Records contained in a dataset:

————————

(* Let $T$ be the set of $(a_0,\dots,a_9)\in\mathbb{R}^{10}$ such that $P(x,a)=x^{11}-x^{10}+a_9x^9+\cdots+a_0$ satisfies $a_9,a_8,a_7,a_6<0$, $a_5,\dots,a_1>0$, $a_0<0$ and has exactly one positive and exactly eight negative roots, all simple. Suppose $T\ne\emptyset$, let $\Gamma$ be a connected component of $T$, $\bar\Gamma$ its closure, and let $H$ be the set of polynomials $P(x,a)$, $a\in\bar\Gamma$, all of whose roots are real. Then $H$ contains no polynomial having a double positive root, a simple positive root, and exactly two distinct negative roots of total multiplicity $8$, and which satisfies either $\{a_1=a_5=0\}$ or $\{a_1=a_6=0\}$. *)

theory Defs
  imports "HOL-Analysis.Analysis" "HOL-Computational_Algebra.Polynomial"
begin

definition coef :: "real^10 \<Rightarrow> nat \<Rightarrow> real" where
  "coef a j = a $ (of_nat j :: 10)"

definition Pa :: "real^10 \<Rightarrow> real poly" where
  "Pa a = monom 1 11 - monom 1 10 + (\<Sum>j<10. monom (coef a j) j)"

definition all_roots_real :: "real poly \<Rightarrow> bool" where
  "all_roots_real p \<longleftrightarrow>
     (\<forall>z::complex. poly (map_poly complex_of_real p) z = 0 \<longrightarrow> z \<in> \<real>)"

definition Tset :: "(real^10) set" where
  "Tset = {a. coef a 9 < 0 \<and> coef a 8 < 0 \<and> coef a 7 < 0 \<and> coef a 6 < 0
            \<and> (\<forall>j\<in>{1..5}. coef a j > 0) \<and> coef a 0 < 0
            \<and> card {x::real. x > 0 \<and> poly (Pa a) x = 0} = 1
            \<and> card {x::real. x < 0 \<and> poly (Pa a) x = 0} = 8
            \<and> (\<forall>x::real. poly (Pa a) x = 0 \<longrightarrow> order x (Pa a) = 1)}"

end

(*
  Counting multiplicities, the roots u (double), v, s, t account for all eleven roots of P,
  so P = (x - u)^2 (x - v) (x - s)^k (x - t)^l with k + l = 8. The reversed polynomial has the
  roots U = 1/u, V = 1/v, -a = 1/s, -b = 1/t, and the hypotheses become: a_1 = 0 says
  2U + V = k a + l b, the coefficient a_10 = -1 < 0 says 2/U + 1/V > k/a + l/b, and on the
  closure of T still a_4 >= 0 >= a_6. By Cauchy-Schwarz the first two conditions exclude U = V;
  if V < U they force a_4 < 0, and if U < V they force a_6 > 0. These two implications are
  checked by explicit positivity certificates for k <= 4, the other cases following by the
  symmetry (k, a) <-> (l, b).
*)
theory Submission
  imports Defs
begin

lemma prod_linear_powers_order_dvd:
  fixes p :: "'a::idom poly"
  assumes "finite R" "p \<noteq> 0"
  shows "(\<Prod>x\<in>R. [:-x,1:]^order x p) dvd p"
  using assms(1)
proof (induction R rule: finite_induct)
  case empty
  show ?case by simp
next
  case (insert x R)
  from insert.IH obtain q where q: "p = (\<Prod>y\<in>R. [:-y,1:]^order y p) * q" by (elim dvdE)
  have "q \<noteq> 0" using q assms(2) by auto
  have "poly (\<Prod>y\<in>R. [:-y,1:]^order y p) x \<noteq> 0"
    using insert.hyps by (auto simp: poly_prod)
  moreover have "order x p = order x (\<Prod>y\<in>R. [:-y,1:]^order y p) + order x q"
    using order_mult[of "\<Prod>y\<in>R. [:-y,1:]^order y p" q x] q assms(2) by argo
  ultimately have "order x p = order x q" by (simp add: order_0I)
  then have "[:-x,1:]^order x p dvd q" by (simp add: order_1)
  then show ?case using insert.hyps by (subst q) (simp add: mult_dvd_mono)
qed

lemma monic_poly_eq_prod_linear_powers:
  fixes p :: "'a::idom poly"
  assumes "finite R" and monic: "lead_coeff p = 1"
    and deg: "degree p = (\<Sum>x\<in>R. order x p)"
  shows "p = (\<Prod>x\<in>R. [:-x,1:]^order x p)"
proof -
  define P where "P = (\<Prod>x\<in>R. [:-x,1:]^order x p)"
  have "p \<noteq> 0" using monic by auto
  then obtain q where q: "p = P * q"
    using prod_linear_powers_order_dvd[OF assms(1) \<open>p \<noteq> 0\<close>] unfolding P_def by (elim dvdE)
  have "P \<noteq> 0" "q \<noteq> 0" using q \<open>p \<noteq> 0\<close> by auto
  have "degree P = degree p"
    unfolding P_def deg by (simp add: degree_prod_sum_eq degree_linear_power)
  then have "degree q = 0" using q \<open>P \<noteq> 0\<close> \<open>q \<noteq> 0\<close> by (simp add: degree_mult_eq)
  moreover have "lead_coeff P = 1" unfolding P_def by (simp add: lead_coeff_prod lead_coeff_power)
  then have "lead_coeff q = 1" using monic q by (simp add: lead_coeff_mult)
  ultimately have "q = 1" by (metis degree_0_id one_pCons)
  then show ?thesis using q P_def by simp
qed

lemma reflect_poly_linear:
  fixes r :: "'a::field"
  assumes "r \<noteq> 0"
  shows "reflect_poly [:-r,1:] = smult (-r) [:-inverse r,1:]"
  using assms by (simp add: reflect_poly_def)

lemma reflect_poly_linear_power:
  fixes r :: "'a::field"
  assumes "r \<noteq> 0"
  shows "reflect_poly ([:-r,1:]^m) = smult ((-r)^m) ([:-inverse r,1:]^m)"
  by (simp only: reflect_poly_power reflect_poly_linear[OF assms] smult_power)

(* Up to a nonzero scalar, the reversed polynomial of P in the root configuration above. *)
definition root_config_poly :: "nat \<Rightarrow> nat \<Rightarrow> real \<Rightarrow> real \<Rightarrow> real \<Rightarrow> real \<Rightarrow> real poly" where
  "root_config_poly k l U V a b = [:-U,1:]^2 * [:-V,1:] * [:a,1:]^k * [:b,1:]^l"

lemma root_config_poly_swap: "root_config_poly k l U V a b = root_config_poly l k U V b a"
  unfolding root_config_poly_def by (simp add: mult_ac)

lemma root_config_coeff_10:
  assumes "k + l = 8"
  shows "coeff (root_config_poly k l U V a b) 10 = real k * a + real l * b - 2*U - V"
proof -
  from assms consider "k = 0" "l = 8" | "k = 1" "l = 7" | "k = 2" "l = 6" | "k = 3" "l = 5"
    | "k = 4" "l = 4" | "k = 5" "l = 3" | "k = 6" "l = 2" | "k = 7" "l = 1" | "k = 8" "l = 0"
    by force
  then show ?thesis
    by cases (hypsubst_thin; simp add: root_config_poly_def eval_nat_numeral; algebra)+
qed

lemma root_config_coeff_1:
  assumes "k + l = 8" "1 \<le> k" "1 \<le> l"
  shows "coeff (root_config_poly k l U V a b) 1
    = U * a^(k-1) * b^(l-1) * ((2*V + U)*a*b - U*V*(real k * b + real l * a))"
proof -
  from assms consider "k = 1" "l = 7" | "k = 2" "l = 6" | "k = 3" "l = 5" | "k = 4" "l = 4"
    | "k = 5" "l = 3" | "k = 6" "l = 2" | "k = 7" "l = 1"
    by force
  then show ?thesis
    by cases (hypsubst_thin; simp add: root_config_poly_def eval_nat_numeral; algebra)+
qed

lemma scaled_weighted_sum:
  fixes k l a b x S :: real
  assumes "k*a + l*b = S" "S \<noteq> 0"
  shows "k*(a*x/S) + l*(b*x/S) = x"
proof -
  have "k*(a*x/S) + l*(b*x/S) = (k*a + l*b) * x / S" by (simp add: algebra_simps add_divide_distrib)
  then show ?thesis using assms by simp
qed

(* The certificates below write the relevant coefficient
   (times a power of w1 + w2 + w3 + w4) as lam * (2/U + 1/V - k/a - l/b) * U V a b + R,
   where lam and R have nonnegative coefficients in the w's (lam = 0 when R alone suffices). *)
lemma root_config_cone_below:
  fixes k l U V a b :: real
  assumes "0 < V" "V < U" "0 < a" "0 < b" and sum: "k*a + l*b = 2*U + V"
  obtains w1 w2 w3 w4 where "0 < w1" "0 < w2" "0 < w3" "0 < w4"
    "a = 3*w1 + 2*w2" "b = 3*w3 + 2*w4" "V = k*w1 + l*w3" "U = k*w1 + l*w3 + (k*w2 + l*w4)"
proof -
  define S where "S = 2*U + V"
  have "0 < S" using assms unfolding S_def by simp
  have scaled: "k*(a*x/S) + l*(b*x/S) = x" for x
    using sum \<open>0 < S\<close> unfolding S_def by (intro scaled_weighted_sum) simp_all
  show thesis
  proof (rule that[of "a*V/S" "a*(U-V)/S" "b*V/S" "b*(U-V)/S"])
    show "a = 3*(a*V/S) + 2*(a*(U-V)/S)" "b = 3*(b*V/S) + 2*(b*(U-V)/S)"
      using \<open>0 < S\<close> by (simp_all add: field_simps) (simp_all add: S_def algebra_simps)
    show "V = k*(a*V/S) + l*(b*V/S)" by (rule scaled[symmetric])
    show "U = k*(a*V/S) + l*(b*V/S) + (k*(a*(U-V)/S) + l*(b*(U-V)/S))"
      unfolding scaled by simp
  qed (use assms \<open>0 < S\<close> in simp_all)
qed

lemma root_config_cone_above:
  fixes k l U V a b :: real
  assumes "0 < U" "U < V" "0 < a" "0 < b" and sum: "k*a + l*b = 2*U + V"
  obtains w1 w2 w3 w4 where "0 < w1" "0 < w2" "0 < w3" "0 < w4"
    "a = 3*w1 + w2" "b = 3*w3 + w4" "U = k*w1 + l*w3" "V = k*w1 + l*w3 + (k*w2 + l*w4)"
proof -
  define S where "S = 2*U + V"
  have "0 < S" using assms unfolding S_def by simp
  have scaled: "k*(a*x/S) + l*(b*x/S) = x" for x
    using sum \<open>0 < S\<close> unfolding S_def by (intro scaled_weighted_sum) simp_all
  show thesis
  proof (rule that[of "a*U/S" "a*(V-U)/S" "b*U/S" "b*(V-U)/S"])
    show "a = 3*(a*U/S) + a*(V-U)/S" "b = 3*(b*U/S) + b*(V-U)/S"
      using \<open>0 < S\<close> by (simp_all add: field_simps) (simp_all add: S_def algebra_simps)
    show "U = k*(a*U/S) + l*(b*U/S)" by (rule scaled[symmetric])
    show "V = k*(a*U/S) + l*(b*U/S) + (k*(a*(V-U)/S) + l*(b*(V-U)/S))"
      unfolding scaled by simp
  qed (use assms \<open>0 < S\<close> in simp_all)
qed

————————

Each line above with the string "consider" in it should be located and copied.

  from assms consider "k = 0" "l = 8" | "k = 1" "l = 7" | "k = 2" "l = 6" | "k = 3" "l = 5"
  from assms consider "k = 1" "l = 7" | "k = 2" "l = 6" | "k = 3" "l = 5" | "k = 4" "l = 4"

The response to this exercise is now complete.